▸ Problem statement:
Pull out every line below holding the word "metis".
======== Provided records
lemma Old_in_neighbours_G1:
  "Old w \<in> neighbours (G1_E VX EdX VS EdS F0 l t u) (Old v) \<longleftrightarrow>
     w \<in> neighbours (EdX \<union> EdS) v \<or> (v \<in> VS \<and> w \<in> F0) \<or> (v \<in> F0 \<and> w \<in> VS)"
proof -
  have "inj ((`) Old)" by (rule inj_on_image) (simp add: inj_on_def)
  then have "{Old v, Old w} \<in> (`) Old ` S \<longleftrightarrow> {v, w} \<in> S" for S
    using inj_image_mem_iff[of "(`) Old" "{v, w}" S] by simp
  then show ?thesis unfolding neighbours_def G1_E_def by (auto simp: doubleton_eq_iff)
qed

lemma Old_in_neighbours_G2:
  "Old w \<in> neighbours (G2_E VX EdX VS EdS F0 l t u) (Old v) \<longleftrightarrow>
     Old w \<in> neighbours (G1_E VX EdX VS EdS F0 l t u) (Old v)
     \<and> \<not> (v \<in> VS \<and> w \<in> VX) \<and> \<not> (v \<in> VX \<and> w \<in> VS)"
  unfolding neighbours_def G2_E_def by (auto simp: doubleton_eq_iff)

lemma card_Old_image: "card (Old ` A) = card A"
  by (simp add: card_image inj_on_def)

locale G1_construction =
  fixes VX :: "'a set" and EdX :: "'a set set" and VS :: "'a set" and EdS :: "'a set set"
    and F0 :: "'a set" and l t u :: nat
  assumes graph_X: "graph VX EdX" and graph_S: "graph VS EdS"
    and disjoint_X_S: "VX \<inter> VS = {}" and F0_subset: "F0 \<subseteq> VX"
begin

abbreviation "V1 \<equiv> G1_V VX VS l t u"
abbreviation "E1 \<equiv> G1_E VX EdX VS EdS F0 l t u"
abbreviation "E2 \<equiv> G2_E VX EdX VS EdS F0 l t u"

lemma finite_X: "finite VX"
  using graph_X unfolding graph_def by blast

lemma Old_neighbour_X_G1:
  assumes "v \<in> VX" "Old w \<in> neighbours E1 (Old v)"
  shows "w \<in> neighbours EdX v \<or> (v \<in> F0 \<and> w \<in> VS)"
  using assms neighbours_graphD[OF graph_S, of w v] disjoint_X_S
  unfolding Old_in_neighbours_G1 by (auto simp: neighbours_def)

lemma Old_neighbour_S_G1:
  assumes "v \<in> VS" "Old w \<in> neighbours E1 (Old v)"
  shows "w \<in> neighbours EdS v \<or> w \<in> F0"
  using assms neighbours_graphD[OF graph_X, of w v] disjoint_X_S F0_subset
  unfolding Old_in_neighbours_G1 by (auto simp: neighbours_def)

lemma Old_neighbour_X_G2:
  assumes "v \<in> VX" "Old w \<in> neighbours E2 (Old v)"
  shows "w \<in> neighbours EdX v"
  using assms Old_neighbour_X_G1 unfolding Old_in_neighbours_G2 by blast

lemma Old_neighbour_S_G2:
  assumes "v \<in> VS" "Old w \<in> neighbours E2 (Old v)"
  shows "w \<in> neighbours EdS v"
  using assms Old_neighbour_S_G1 F0_subset unfolding Old_in_neighbours_G2 by blast

lemma G1_edge_meets_X_or_in_S:
  assumes "e \<in> E1"
  shows "e \<inter> Old ` VX \<noteq> {} \<or> (e \<subseteq> Old ` VS \<and> card e = 2)"
  using assms F0_subset
proof (unfold G1_E_def, elim UnE)
  assume "e \<in> (`) Old ` (EdX \<union> EdS)"
  then obtain e' where e': "e' \<in> EdX \<union> EdS" "e = Old ` e'" by blast
  then have card: "card e' = 2" and "e' \<subseteq> VX \<or> e' \<subseteq> VS"
    using graph_X graph_S unfolding graph_def by auto
  then show ?thesis
  proof (elim disjE)
    assume "e' \<subseteq> VX"
    moreover have "e' \<noteq> {}" using card by auto
    ultimately show ?thesis using e'(2) by blast
  next
    assume "e' \<subseteq> VS"
    then show ?thesis using e'(2) card card_Old_image[of e'] by auto
  qed
qed auto

lemma no_large_matching:
  assumes "E \<subseteq> E1"
  shows "\<not> has_matching E (card VX + card VS div 2 + 1)"
proof
  assume "has_matching E (card VX + card VS div 2 + 1)"
  then obtain M where M: "M \<subseteq> E" "finite M" "card M = card VX + card VS div 2 + 1" "pairwise disjnt M"
    unfolding has_matching_def by blast
  have "e \<inter> Old ` VX \<noteq> {} \<or> (e \<subseteq> Old ` VS \<and> card e = 2)" if "e \<in> M" for e
    using that M(1) assms G1_edge_meets_X_or_in_S by blast
  then have "card M \<le> card (Old ` VX) + card (Old ` VS) div 2"
    using M finite_X graph_S unfolding graph_def by (intro card_matching_le) auto
  then show False using M by (simp add: card_Old_image)
qed

end

locale G1_Kab_construction = G1_construction +
  assumes X_K1l_free: "\<not> has_Kab VX EdX 1 l" and card_F0: "card F0 = l - 1"
    and two_le_l: "2 \<le> l" and l_le_t: "l \<le> t"
begin

lemma card_neighbours_X_less: "card (neighbours EdX v) < l"
  using card_neighbours_less[OF graph_X X_K1l_free] two_le_l by simp

lemma l_subset_not_subset_F0:
  assumes "card F = l" shows "\<not> F \<subseteq> F0"
proof
  assume "F \<subseteq> F0"
  then have "card F \<le> card F0" using F0_subset finite_X by (meson card_mono finite_subset)
  then show False using assms card_F0 two_le_l by simp
qed

lemma common_neighbours_of_l_subset:
  assumes "F \<subseteq> VX" "card F = l"
    and "W \<subseteq> V1" "W \<inter> Old ` F = {}" "\<forall>w\<in>W. Old ` F \<subseteq> neighbours E1 w"
  shows "W \<subseteq> New F ` {1..t-1}"
proof
  fix c assume "c \<in> W"
  then have c: "c \<in> V1" "Old ` F \<subseteq> neighbours E1 c" using assms(3,5) by blast+
  have "F \<noteq> {}" using assms(2) two_le_l by auto
  show "c \<in> New F ` {1..t-1}"
  proof (cases c)
    case (Old v)
    then have v: "v \<in> VX \<union> VS" using c(1) unfolding G1_V_def by auto
    show ?thesis
    proof (cases "v \<in> VS")
      case True
      then have "F \<subseteq> F0"
        using c(2) Old_neighbour_S_G1 neighbours_graphD[OF graph_S] assms(1) disjoint_X_S Old
        by blast
      then show ?thesis using l_subset_not_subset_F0 assms(2) by blast
    next
      case False
      then have "F \<subseteq> neighbours EdX v"
        using c(2) Old_neighbour_X_G1 v assms(1) disjoint_X_S Old by blast
      then have "card F \<le> card (neighbours EdX v)"
        using neighbours_subset[OF graph_X] finite_X by (meson card_mono finite_subset)
      then show ?thesis using card_neighbours_X_less assms(2) by (metis leD)
    qed
  next
    case (New F' i)
    from c(2) \<open>F \<noteq> {}\<close> have "F \<subseteq> F'" "F' \<subseteq> VX" "card F' = l" "1 \<le> i" "i \<le> t - 1"
      unfolding New neighbours_New_G1 by (auto split: if_splits)
    then have "F = F'" using assms(2) finite_X by (metis card_subset_eq finite_subset)
    then show ?thesis using New \<open>1 \<le> i\<close> \<open>i \<le> t - 1\<close> by auto
  next
    case (UV j)
    from c(2) \<open>F \<noteq> {}\<close> have "F \<subseteq> F0" unfolding UV neighbours_UV_G1 by (auto split: if_splits)
    then show ?thesis using l_subset_not_subset_F0 assms(2) by blast
  qed
qed

lemma Kab_side_in_X_S:
  assumes "E \<subseteq> E1" "P \<subseteq> V1" "P \<inter> Q = {}" "\<forall>p\<in>P. Q \<subseteq> neighbours E p"
    and "l \<le> card Q" "card P + card Q = l + t"
  shows "P \<subseteq> Old ` (VX \<union> VS)"
proof
  fix c assume "c \<in> P"
  then have c: "c \<in> V1" "Q \<subseteq> neighbours E1 c"
    using assms(2,4) neighbours_mono[OF assms(1)] by blast+
  have "Q \<noteq> {}" using assms(5) two_le_l by auto
  show "c \<in> Old ` (VX \<union> VS)"
  proof (cases c)
    case (Old v)
    then show ?thesis using c(1) unfolding G1_V_def by auto
  next
    case (New F i)
    from c(2) \<open>Q \<noteq> {}\<close> have F: "Q \<subseteq> Old ` F" "F \<subseteq> VX" "card F = l"
      unfolding New neighbours_New_G1 by (auto split: if_splits)
    then have "Q = Old ` F"
      using assms(5) finite_X card_Old_image[of F] by (metis card_seteq finite_imageI finite_subset)
    then have "P \<subseteq> New F ` {1..t-1}"
      using common_neighbours_of_l_subset[OF F(2,3) assms(2)] assms(3,4) neighbours_mono[OF assms(1)]
      by blast
    then have "card P \<le> t - 1"
      using card_mono[of "New F ` {1..t-1}" P] card_image_le[of "{1..t-1}" "New F"] by simp
    then show ?thesis
      using assms(6) \<open>Q = Old ` F\<close> F(3) two_le_l l_le_t by (simp add: card_Old_image)
  next
    case (UV j)
    from c(2) \<open>Q \<noteq> {}\<close> have "Q \<subseteq> Old ` F0"
      unfolding UV neighbours_UV_G1 by (auto split: if_splits)
    then have "card Q \<le> l - 1"
      using card_F0 card_Old_image[of F0] F0_subset finite_X
      by (metis card_mono finite_imageI finite_subset)
    then show ?thesis using assms(5) two_le_l by simp
  qed
qed

lemma Kab_sides_in_R_S:
  assumes "E \<subseteq> E1"
    and X_neighbours: "\<And>v w. v \<in> VX - R \<Longrightarrow> Old w \<in> neighbours E (Old v) \<Longrightarrow> w \<in> neighbours EdX v"
    and AB: "A \<subseteq> V1" "B \<subseteq> V1" "A \<inter> B = {}" "card A = l" "card B = t"
      "\<forall>v\<in>A. B \<subseteq> neighbours E v" "\<forall>w\<in>B. A \<subseteq> neighbours E w"
  shows "A \<union> B \<subseteq> Old ` (R \<union> VS)"
proof
  have old: "A \<union> B \<subseteq> Old ` (VX \<union> VS)"
    using Kab_side_in_X_S[OF assms(1), of A B] Kab_side_in_X_S[OF assms(1), of B A] AB l_le_t
    by (auto simp: Int_commute)
  fix c assume "c \<in> A \<union> B"
  then obtain Q where Q: "Q \<subseteq> A \<union> B" "l \<le> card Q" "Q \<subseteq> neighbours E c"
    using AB l_le_t by (metis Un_upper1 Un_upper2 UnE order_refl)
  obtain v where v: "c = Old v" "v \<in> VX \<union> VS" using \<open>c \<in> A \<union> B\<close> old by blast
  show "c \<in> Old ` (R \<union> VS)"
  proof (rule ccontr)
    assume "c \<notin> Old ` (R \<union> VS)"
    then have "v \<in> VX - R" using v by auto
    then have "Q \<subseteq> Old ` neighbours EdX v" using Q(1,3) old X_neighbours v(1) by blast
    then have "card Q \<le> card (neighbours EdX v)"
      using card_Old_image neighbours_subset[OF graph_X] finite_X
      by (metis card_mono finite_imageI finite_subset)
    then show False using Q(2) card_neighbours_X_less[of v] by simp
  qed
qed

lemma G1_Kab_free:
  assumes "card VS \<le> t"
  shows "\<not> has_Kab V1 E1 l t"
proof
  assume "has_Kab V1 E1 l t"
  then obtain A B where AB: "A \<subseteq> V1" "B \<subseteq> V1" "A \<inter> B = {}" "card A = l" "card B = t"
      "\<forall>v\<in>A. B \<subseteq> neighbours E1 v" "\<forall>w\<in>B. A \<subseteq> neighbours E1 w"
    unfolding has_Kab_iff_neighbours by blast
  have "A \<union> B \<subseteq> Old ` (F0 \<union> VS)"
    using Kab_sides_in_R_S[OF order_refl _ AB] Old_neighbour_X_G1 by blast
  then have "card (A \<union> B) \<le> card F0 + card VS"
    using card_Old_image[of "F0 \<union> VS"] card_Un_le[of F0 VS] F0_subset finite_X graph_S
    unfolding graph_def by (metis card_mono finite_Un finite_imageI finite_subset order_trans)
  moreover have "card (A \<union> B) = l + t"
    using AB two_le_l l_le_t by (metis card_Un_disjoint card.infinite not_numeral_le_zero order_trans)
  ultimately show False using assms card_F0 two_le_l by simp
qed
================
▸ Expected output:
      then show ?thesis using card_neighbours_X_less assms(2) by (metis leD)
    then have "F = F'" using assms(2) finite_X by (metis card_subset_eq finite_subset)
      using assms(5) finite_X card_Old_image[of F] by (metis card_seteq finite_imageI finite_subset)
      by (metis card_mono finite_imageI finite_subset)
    using AB l_le_t by (metis Un_upper1 Un_upper2 UnE order_refl)
      by (metis card_mono finite_imageI finite_subset)
    unfolding graph_def by (metis card_mono finite_Un finite_imageI finite_subset order_trans)
    using AB two_le_l l_le_t by (metis card_Un_disjoint card.infinite not_numeral_le_zero order_trans)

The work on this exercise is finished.